Right Now I'm currently trying to put 12 whole genomes into a phylogenetic tree. The Genomes were mapped from a reference and they've been converted a couple times (i.e. Bam to Sam, Sam to Fastq, Fastq to fasta), but they look great(we uploaded one to Genious to check if everything was in order). I'm working with FastTree and I'm trying to create a tree with these fasta files, but every time I try uploading one of the genomes, the program will run for a while, but it won't actually do anything. The output tree files are blank and nothing's going into them. The command I'm using is
./FastTree -nt Filename.fasta > myTree
I've seen a similar thread, and I made sure to check that I'm calling the program and that is downloaded and that I'm calling the right files, but i'm still getting a blank file. Any suggestions would be appreciated.
Thanks.
Can you also add a
2>myTree.err
and see if any the err file has anything to say? If there was absolutely nothing on stdout, you might need to try with a different input file and see if that works.is your .fasta an actual FASTA alignment file, or just a load of genome fastas? FastTree takes prealigned fasta's or phylips as input.
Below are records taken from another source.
(* A strong erasing word for $(G,\phi)$ exists in each of the following cases: (i) $G$ is a non-bipartite separable graph and $\phi$ is any admissible matching policy; (ii) $G$ is connected and non-bipartite and $\phi=\textsc{lcfm}$.
   Context: $G=(\mathcal V,\mathcal E)$ is a finite connected simple graph, $i - j$ denotes adjacency. $G$ is separable of order $p\ge2$ if $\mathcal V$ is partitioned into maximal independent sets $\mathcal I_1,\dots,\mathcal I_p$ such that any two nodes in different parts are adjacent; a separable graph is non-bipartite iff $p\ge3$. A list of preferences $\sigma\in\mathcal S$ gives for each class a linear ordering of its neighbours; $\phi$ comes with a probability $\nu_\phi$ on $\mathcal S$. $\mathbb W=\{w\in\mathcal V^*:|w|_i|w|_j=0 \text{ whenever } i - j\}$. Admissible $\phi$: a map $\odot_\phi:\mathbb W\times(\mathcal V\times\mathcal S)\to\mathbb W$ with $w\odot_\phi(v,\sigma)=wv$ if no letter of $w$ is adjacent to $v$, otherwise $w$ with one letter adjacent to $v$ (chosen by $\phi$) deleted; LCFM deletes the rightmost letter of $w$ adjacent to $v$. $Q_\phi(z_1\cdots z_k,\varsigma_1\cdots\varsigma_k)=(\cdots(\emptyset\odot_\phi(z_1,\varsigma_1))\cdots)\odot_\phi(z_k,\varsigma_k)$. A word $z\in\mathcal V^*$ of even length $2p$ is a strong erasing word for $(G,\phi)$ if (1) for all non-adjacent $i,j\in\mathcal V$ (possibly $i=j$) and all preference words $\varsigma,\varsigma'$ of lengths $2$ and $2p$ with letters in the support of $\nu_\phi$, $Q_\phi(ijz,\varsigma\varsigma')=\emptyset$; and (2) for every $\ell\in\{0,\dots,p-1\}$ and all such $\varsigma'$, $Q_\phi(z_{2\ell+1}\cdots z_{2p},\varsigma'_{2\ell+1}\cdots\varsigma'_{2p})=\emptyset$. *)

theory Defs
  imports "HOL-Probability.Probability_Mass_Function"
begin

definition simple_graph :: "'v set \<Rightarrow> ('v \<Rightarrow> 'v \<Rightarrow> bool) \<Rightarrow> bool" where
  "simple_graph V adj \<longleftrightarrow> finite V \<and> V \<noteq> {} \<and>
     (\<forall>u v. adj u v \<longrightarrow> u \<in> V \<and> v \<in> V) \<and>
     (\<forall>u v. adj u v \<longrightarrow> adj v u) \<and> (\<forall>u. \<not> adj u u)"

definition connected_graph :: "'v set \<Rightarrow> ('v \<Rightarrow> 'v \<Rightarrow> bool) \<Rightarrow> bool" where
  "connected_graph V adj \<longleftrightarrow> (\<forall>u\<in>V. \<forall>v\<in>V. adj\<^sup>*\<^sup>* u v)"

definition bipartite :: "'v set \<Rightarrow> ('v \<Rightarrow> 'v \<Rightarrow> bool) \<Rightarrow> bool" where
  "bipartite V adj \<longleftrightarrow> (\<exists>f :: 'v \<Rightarrow> bool. \<forall>u\<in>V. \<forall>v\<in>V. adj u v \<longrightarrow> f u \<noteq> f v)"

definition independent_set :: "('v \<Rightarrow> 'v \<Rightarrow> bool) \<Rightarrow> 'v set \<Rightarrow> bool" where
  "independent_set adj I \<longleftrightarrow> (\<forall>u\<in>I. \<forall>v\<in>I. \<not> adj u v)"

definition maximal_independent_set :: "'v set \<Rightarrow> ('v \<Rightarrow> 'v \<Rightarrow> bool) \<Rightarrow> 'v set \<Rightarrow> bool" where
  "maximal_independent_set V adj I \<longleftrightarrow> I \<subseteq> V \<and> independent_set adj I \<and>
     (\<forall>J. I \<subset> J \<and> J \<subseteq> V \<longrightarrow> \<not> independent_set adj J)"

definition separable_of_order :: "'v set \<Rightarrow> ('v \<Rightarrow> 'v \<Rightarrow> bool) \<Rightarrow> nat \<Rightarrow> bool" where
  "separable_of_order V adj p \<longleftrightarrow> p \<ge> 2 \<and>
     (\<exists>P. card P = p \<and> \<Union>P = V \<and> (\<forall>I\<in>P. I \<noteq> {}) \<and>
          (\<forall>I\<in>P. \<forall>J\<in>P. I \<noteq> J \<longrightarrow> I \<inter> J = {}) \<and>
          (\<forall>I\<in>P. maximal_independent_set V adj I) \<and>
          (\<forall>I\<in>P. \<forall>J\<in>P. I \<noteq> J \<longrightarrow> (\<forall>u\<in>I. \<forall>v\<in>J. adj u v)))"

definition prefs :: "'v set \<Rightarrow> ('v \<Rightarrow> 'v \<Rightarrow> bool) \<Rightarrow> ('v \<Rightarrow> 'v list) set" where
  "prefs V adj = {\<sigma>. (\<forall>v\<in>V. distinct (\<sigma> v) \<and> set (\<sigma> v) = {u. adj v u}) \<and>
                      (\<forall>v. v \<notin> V \<longrightarrow> \<sigma> v = [])}"

definition in_W :: "('v \<Rightarrow> 'v \<Rightarrow> bool) \<Rightarrow> 'v list \<Rightarrow> bool" where
  "in_W adj w \<longleftrightarrow> (\<forall>i\<in>set w. \<forall>j\<in>set w. \<not> adj i j)"

definition admissible ::
  "'v set \<Rightarrow> ('v \<Rightarrow> 'v \<Rightarrow> bool) \<Rightarrow> ('v \<Rightarrow> 'v list) pmf \<Rightarrow>
   ('v list \<Rightarrow> 'v \<Rightarrow> ('v \<Rightarrow> 'v list) \<Rightarrow> 'v list) \<Rightarrow> bool" where
  "admissible V adj \<nu> step \<longleftrightarrow> set_pmf \<nu> \<subseteq> prefs V adj \<and>
     (\<forall>w v \<sigma>. set w \<subseteq> V \<and> in_W adj w \<and> v \<in> V \<and> \<sigma> \<in> prefs V adj \<longrightarrow>
        (if (\<forall>u\<in>set w. \<not> adj u v) then step w v \<sigma> = w @ [v]
         else (\<exists>k<length w. adj (w ! k) v \<and> step w v \<sigma> = take k w @ drop (Suc k) w)))"

definition lcfm :: "('v \<Rightarrow> 'v \<Rightarrow> bool) \<Rightarrow> 'v list \<Rightarrow> 'v \<Rightarrow> ('v \<Rightarrow> 'v list) \<Rightarrow> 'v list" where
  "lcfm adj w v \<sigma> =
     (if (\<exists>k<length w. adj (w ! k) v)
      then (let k = (GREATEST k. k < length w \<and> adj (w ! k) v) in take k w @ drop (Suc k) w)
      else w @ [v])"

definition Q :: "('v list \<Rightarrow> 'v \<Rightarrow> 's \<Rightarrow> 'v list) \<Rightarrow> 'v list \<Rightarrow> 's list \<Rightarrow> 'v list" where
  "Q step zs ss = foldl (\<lambda>w (x, s). step w x s) [] (zip zs ss)"

definition strong_erasing_word ::
  "'v set \<Rightarrow> ('v \<Rightarrow> 'v \<Rightarrow> bool) \<Rightarrow> ('v \<Rightarrow> 'v list) pmf \<Rightarrow>
   ('v list \<Rightarrow> 'v \<Rightarrow> ('v \<Rightarrow> 'v list) \<Rightarrow> 'v list) \<Rightarrow> 'v list \<Rightarrow> bool" where
  "strong_erasing_word V adj \<nu> step z \<longleftrightarrow> set z \<subseteq> V \<and> even (length z) \<and>
     (\<forall>i\<in>V. \<forall>j\<in>V. \<not> adj i j \<longrightarrow>
        (\<forall>s s'. length s = 2 \<and> length s' = length z \<and> set s \<subseteq> set_pmf \<nu> \<and> set s' \<subseteq> set_pmf \<nu> \<longrightarrow>
           Q step ([i, j] @ z) (s @ s') = [])) \<and>
     (\<forall>l < length z div 2. \<forall>s'. length s' = length z \<and> set s' \<subseteq> set_pmf \<nu> \<longrightarrow>
        Q step (drop (2 * l) z) (drop (2 * l) s') = [])"

end

theory Submission
  imports Defs
begin

(*
  (i) In a complete multipartite graph the buffer always lies inside one part, so every
  admissible policy changes its length deterministically: an arrival from that part is
  queued, any other arrival is matched.  Recording only a representative of the part and
  the length, one checks that for a triangle a, b, c the word b c a c a b empties the
  buffer after any two non-adjacent letters, and from each of its even suffixes.

  (ii) Under LCFM, feeding an edge u v to a buffer that is empty or a non-adjacent pair
  again yields such a buffer.  A non-adjacent pair x y is erased by the edges of an odd
  walk from y to x, which exists since the graph is connected and not bipartite.
  Concatenating these words over the finitely many pairs gives one word erasing them all,
  and as a word of edges all its even suffixes erase the empty buffer.
*)

lemma simple_graph_sym: "simple_graph V adj \<Longrightarrow> adj u v \<Longrightarrow> adj v u"
  by (simp add: simple_graph_def)

lemma simple_graph_irrefl: "simple_graph V adj \<Longrightarrow> \<not> adj v v"
  by (simp add: simple_graph_def)

lemma simple_graph_adj_in_V: "simple_graph V adj \<Longrightarrow> adj u v \<Longrightarrow> u \<in> V \<and> v \<in> V"
  by (simp add: simple_graph_def)

lemma simple_graph_symp: "simple_graph V adj \<Longrightarrow> symp adj"
  by (auto simp: simple_graph_def intro: sympI)

section \<open>Separable graphs under an arbitrary admissible policy\<close>

lemma separable_of_orderE:
  assumes "separable_of_order V adj p"
  obtains P where "card P = p" "\<Union>P = V" "\<forall>I\<in>P. I \<noteq> {}"
    "\<forall>I\<in>P. maximal_independent_set V adj I"
    "\<forall>I\<in>P. \<forall>J\<in>P. I \<noteq> J \<longrightarrow> (\<forall>u\<in>I. \<forall>v\<in>J. adj u v)"
  using assms unfolding separable_of_order_def by (elim conjE exE) (rule that)

text \<open>For a loopless graph, transitivity of non-adjacency says that non-adjacency is an
  equivalence relation; its classes are the parts.\<close>

definition complete_multipartite :: "'v set \<Rightarrow> ('v \<Rightarrow> 'v \<Rightarrow> bool) \<Rightarrow> bool" where
  "complete_multipartite V adj \<longleftrightarrow>
     (\<forall>u\<in>V. \<forall>v\<in>V. \<forall>w\<in>V. \<not> adj u v \<longrightarrow> \<not> adj v w \<longrightarrow> \<not> adj u w)"

lemma separable_complete_multipartite:
  assumes "separable_of_order V adj p"
  shows "complete_multipartite V adj"
  unfolding complete_multipartite_def
proof (intro ballI impI)
  obtain P where UP: "\<Union>P = V" and mis: "\<forall>I\<in>P. maximal_independent_set V adj I"
    and cross: "\<forall>I\<in>P. \<forall>J\<in>P. I \<noteq> J \<longrightarrow> (\<forall>u\<in>I. \<forall>v\<in>J. adj u v)"
    using separable_of_orderE[OF assms] by metis
  have same_part: "y \<in> I" if "I \<in> P" "x \<in> I" "y \<in> V" "\<not> adj x y" for I x y
  proof -
    obtain J where "J \<in> P" "y \<in> J"
      using UP \<open>y \<in> V\<close> by blast
    then show ?thesis
      using cross that by metis
  qed
  fix u v w assume "u \<in> V" "v \<in> V" "w \<in> V" "\<not> adj u v" "\<not> adj v w"
  then obtain I where I: "I \<in> P" "u \<in> I" "v \<in> I" "w \<in> I"
    using UP same_part by blast
  then have "independent_set adj I"
    using mis by (simp add: maximal_independent_set_def)
  then show "\<not> adj u w"
    using I by (simp add: independent_set_def)
qed

lemma separable_order_ge_3_triangle:
  assumes "separable_of_order V adj p" and "p \<ge> 3"
  obtains a b c where "a \<in> V" "b \<in> V" "c \<in> V" "adj a b" "adj b c" "adj a c"
proof -
  obtain P where cP: "card P = p" and UP: "\<Union>P = V" and ne: "\<forall>I\<in>P. I \<noteq> {}"
    and "\<forall>I\<in>P. maximal_independent_set V adj I"
    and cross: "\<forall>I\<in>P. \<forall>J\<in>P. I \<noteq> J \<longrightarrow> (\<forall>u\<in>I. \<forall>v\<in>J. adj u v)"
    by (rule separable_of_orderE[OF assms(1)])
  obtain T where "T \<subseteq> P" "card T = 3"
    using obtain_subset_with_card_n[of 3 P] cP assms(2) by auto
  then obtain A B C where P: "A \<in> P" "B \<in> P" "C \<in> P" and "A \<noteq> B" "B \<noteq> C" "A \<noteq> C"
    unfolding card_3_iff by auto
  obtain a b c where "a \<in> A" "b \<in> B" "c \<in> C"
    using ne P by (meson all_not_in_conv)
  show ?thesis
  proof (rule that)
    show "a \<in> V" "b \<in> V" "c \<in> V"
      using UP P \<open>a \<in> A\<close> \<open>b \<in> B\<close> \<open>c \<in> C\<close> by auto
    show "adj a b" "adj b c" "adj a c"
      using cross P \<open>A \<noteq> B\<close> \<open>B \<noteq> C\<close> \<open>A \<noteq> C\<close> \<open>a \<in> A\<close> \<open>b \<in> B\<close> \<open>c \<in> C\<close>
      by auto
  qed
qed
It's an actual Fasta file, the first couple lines look like this
>9757X1 GCTACTATAAGAGTTGTCTAGTAATTCTTAGTAGAAAAGAGTTATTAGAG ATATCTTATAGTACGTCTTTAAACTTAGCTACTCTAAGATTAATAGTAGT ATATCTTATAGTACGTCTTTAAACTTAGCTACTCTAAGATTAATAGTAGT
followed by many more lines of A's, T's, C's, and G's
Just to continue the question of jrj.healey...
Apologies for the simple question: Does your multi-sequence FASTA file contain aligned sequences? i.e. all sequences same length, padded out with gap characters (-) to ensure same length.
So A's T's C's G's and gap characters (-).
Pretty sure we might be getting to the nub of the issue here...
You first need to generate a sequence alignment before you can make a tree. If you're attempting to align 12 whole genomes (though you haven't said what they are/how big), this may take a very long time - someone who is more up to date on the state of aligning genomes might know better. I believe MUMmer is capable of aligning whole bacterial genomes via suffix trees.
You may have to appeal to something like MLST instead in order to extrapolate a phylogeny in a reasonable timescale.
They're pretty big files, between 2 and 6 GB. I'm open to trying different software, but we're looking for phylogenetic info for the BFODMAT revision if at all possible, so I don't know if other softwares will output it in the same format. They're also fungal genomes, so I hesitate using bacterial genome phylogeny compilers. FastTree could very well not be suited for such big files, but it would be nice to get it to work just because FastTree will give us the right output without any additional conversion.
Thanks by the way for all the input. I think I might revise my question with everything that you guys are saying. Any other comments before I do so?
They should, I aligned them using samtools. This is my first time at this, so I definitely could have gone wrong, but I think that they've been aligned correctly.
These are genomes you've sequenced yourself?
Samtools is a suite of programme for manipulating Sequence Alignment Map data, but it's not the same thing as multiple sequence alignment - not very helpfully distinguished I grant you!
This typically means you create sequencing read alignments to a reference genome (usually with tools like
bwa
orbowtie
) to check statistics like genome coverage and so on.Multiple sequence alignment just takes a set of sequences and does what it says on the tin, aligns them with one another.
It sounds to me like you're using the wrong input data. You need to take your fastas, and use something like
clustalo
,MUSCLE
or probably more likely something like MUMmer as mentioned that can deal with big, big, sequences (though only pairwise).I strongly suspect it may be impossible to MSA fungal genomes though. Someone else might know better.
When I tried I got
FastTree Version 2.1.9 SSE3 Alignment: 9751X1.fasta Nucleotide distances: Jukes-Cantor Joins: balanced Support: SH-like 1000 Search: Normal +NNI +SPR (2 rounds range 10) +ML-NNI opt-each=1 TopHits: 1.00*sqrtN close=default refresh=0.80 ML Model: Jukes-Cantor, CAT approximation with 20 rate categories
I've tried several different files with the same results. I thought that it might be a problem with FastTree, so I redownloaded the program and nothing changed.
I'd recommend you add that to your question. I'm not the right person to answer your question, but this additional information might help the right person come to a more helpful conclusion.